В конце концов он провел спокойную ночь без сновидений на диване в бывшей бильярдной, полной лунного света комнате в верхнем этаже, наутро перенес туда свой фибровый чемодан и прибил к стене фотографию, на которой был снят сам вместе с пропавшими братьями. Из большого полукруглого эркерного окна его нового прибежища моорский ландшафт казался еще не открытым, нехоженым краем — прибрежный камышник, озеро, ледники и обрывы высокогорья, ни дорог, ни человеческого следа. Далекие террасы каменоломни и ветхий лодочный сарай виллы из этого окна были не видны.

Собачий дом располагался под сенью огромных сосен максимум в часе ходьбы от Моора, и все же Берингу иной раз чудилось, будто слышит он не шум ветра в игольчатых кронах, а прибой незримого моря, которое отделяло его теперь от наследства и от прежней жизни.

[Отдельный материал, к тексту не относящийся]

lemma card_bool_length_less: "card {v :: bool list. length v < n} = 2 ^ n - 1"
proof (induction n)
  case (Suc n)
  have "{v :: bool list. length v < Suc n} = {v. length v < n} \<union> {v. length v = n}"
    by auto
  moreover have "card ({v :: bool list. length v < n} \<union> {v. length v = n})
      = card {v :: bool list. length v < n} + card {v :: bool list. length v = n}"
    by (rule card_Un_disjoint) (auto simp: finite_bool_length_less finite_bool_length_eq)
  ultimately show ?case using Suc by (simp add: card_bool_length_eq one_le_power)
qed simp

lemma card_bool_nonempty_length_less: "card {v :: bool list. v \<noteq> [] \<and> length v < n} = 2 ^ n - 2"
proof (cases n)
  case (Suc n')
  have "{v :: bool list. v \<noteq> [] \<and> length v < n} = {v. length v < n} - {[]}" by auto
  then show ?thesis
    using card_bool_length_less[of n] Suc by (simp add: finite_bool_length_less)
qed simp

lemma brank_bounds:
  assumes "w \<noteq> []"
  shows "2 ^ length w \<le> brank w + 2 \<and> brank w + 2 < 2 ^ Suc (length w)"
proof -
  let ?L = "length w"
  let ?same = "{v. length v = ?L \<and> bprec v w}"
  have split: "{v. v \<noteq> [] \<and> bprec v w} = {v. v \<noteq> [] \<and> length v < ?L} \<union> ?same"
    using assms unfolding bprec_def by auto
  have "brank w = (2 ^ ?L - 2) + card ?same"
    unfolding brank_def split card_bool_nonempty_length_less[symmetric]
    by (rule card_Un_disjoint)
       (auto intro: rev_finite_subset[OF finite_bool_length_less] rev_finite_subset[OF finite_bool_length_eq])
  moreover have "card ?same \<le> 2 ^ ?L - 1"
  proof -
    have "?same \<subseteq> {v. length v = ?L} - {w}" using irreflp_bprec by (auto dest: irreflpD)
    then have "card ?same \<le> card ({v :: bool list. length v = ?L} - {w})"
      by (intro card_mono) (simp_all add: finite_bool_length_eq)
    then show ?thesis by (simp add: card_bool_length_eq finite_bool_length_eq)
  qed
  moreover have "2 \<le> (2 :: nat) ^ ?L"
    using assms by (cases w) simp_all
  ultimately show ?thesis by (simp only: power_Suc) linarith
qed

lemma finite_bprec_below: "finite {v. v \<noteq> [] \<and> bprec v w}"
  by (rule rev_finite_subset[OF finite_bool_length_le[of "length w"]]) (auto simp: bprec_def)

lemma inj_on_brank: "inj_on brank {w. w \<noteq> []}"
  unfolding brank_def
  by (rule inj_on_rank[OF transp_bprec irreflp_bprec])
     (auto intro: totalp_on_subset[OF totalp_bprec] simp: finite_bprec_below)

lemma brank_surj: "\<exists>w. w \<noteq> [] \<and> brank w = r"
proof -
  let ?L = "Suc (Suc r)"
  let ?A = "{w :: bool list. w \<noteq> [] \<and> length w < ?L}"
  let ?N = "(2 :: nat) ^ ?L - 2"
  have "brank ` ?A \<subseteq> {..< ?N}"
  proof
    fix b assume "b \<in> brank ` ?A"
    then obtain w where w: "w \<noteq> []" "length w < ?L" "b = brank w" by auto
    have "brank w + 2 < 2 ^ Suc (length w)" using brank_bounds[OF w(1)] by simp
    also have "\<dots> \<le> 2 ^ ?L" using w(2) by (intro power_increasing) auto
    finally show "b \<in> {..< ?N}" using w(3) by simp
  qed
  moreover have "card (brank ` ?A) = card {..< ?N}"
    using card_image[OF inj_on_subset[OF inj_on_brank, of ?A]] card_bool_nonempty_length_less[of ?L]
    by auto
  ultimately have "brank ` ?A = {..< ?N}" by (intro card_subset_eq) auto
  moreover have "r < ?N" using less_exp[of ?L] by simp
  ultimately show ?thesis by (metis (mono_tags, lifting) imageE lessThan_iff mem_Collect_eq)
qed

lemma brank_ex1: "\<exists>!w. w \<noteq> [] \<and> brank w = r"
  using brank_surj[of r] inj_on_brank unfolding inj_on_def by blast

lemma code_props: "code u \<noteq> [] \<and> brank (code u) = arank u"
  unfolding code_def by (rule theI'[OF brank_ex1])

lemma length_code: "length (code u) = floor_log (arank u + 2)"
  using brank_bounds[of "code u"] code_props[of u] by (auto intro!: floor_log_eqI[symmetric])

lemma Iev_iff:
  assumes "admissible u"
  shows "Iev u \<longleftrightarrow> 2 ^ (Knat u - 1) \<le> arank u + 2 \<and> arank u + 2 < 2 ^ Knat u"
proof -
  let ?r = "arank u + 2"
  have K2: "2 \<le> Knat u" using Knat_bounds[OF assms] by simp
  then have "Iev u \<longleftrightarrow> floor_log ?r = Knat u - 1"
    unfolding Iev_def length_code Kc_admissible[OF assms] by auto
  also have "\<dots> \<longleftrightarrow> 2 ^ (Knat u - 1) \<le> ?r \<and> ?r < 2 ^ Knat u"
  proof
    assume "floor_log ?r = Knat u - 1"
    moreover have "2 ^ floor_log ?r \<le> ?r" by (rule floor_log_exp2_le) simp
    moreover have "?r < 2 * 2 ^ floor_log ?r" by (rule floor_log_exp2_gt)
    ultimately show "2 ^ (Knat u - 1) \<le> ?r \<and> ?r < 2 ^ Knat u"
      using K2 by (simp flip: power_Suc)
  next
    assume "2 ^ (Knat u - 1) \<le> ?r \<and> ?r < 2 ^ Knat u"
    then show "floor_log ?r = Knat u - 1"
      using K2 by (intro floor_log_eqI) (simp_all flip: power_Suc)
  qed
  finally show ?thesis .
qed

Путь назад, в кузницу, был отрезан: когда через неделю после ухода он, сунув в багажник “ВОроны” коробку с дефицитом, явился на холм, отец забросал его камнями. Камнями по блестящему лаку лимузина! Он подал машину назад, на безопасное расстояние, вышел, все еще полагая, что это недоразумение, отцова слепота, и опять направился к старику, со своим благотворительным пакетом в руках, перечисляя вслух, что там у него в коробке... Но старик продолжал швырять камни и ледышки — бессильные снаряды, пролетавшие далеко мимо цели, — и, будто не слыша всех этих перечислений лавандового мыла, ментоловых сигарет и лосьона для бритья, знай выкрикивал: Убирайся!

Не задетый ни одним камнем, Беринг оставил тогда коробку на щебеночной дорожке (и с тех пор лишь украдкой подбрасывал подарки и провизию к воротам кузницы, пока Лили в конце концов не вызвалась раз в месяц доставлять его посылки с виллы “Флора” на Кузнечный холм. От Бразильянки старик принимал все и никогда не интересовался, кто снабжает его этакой роскошью).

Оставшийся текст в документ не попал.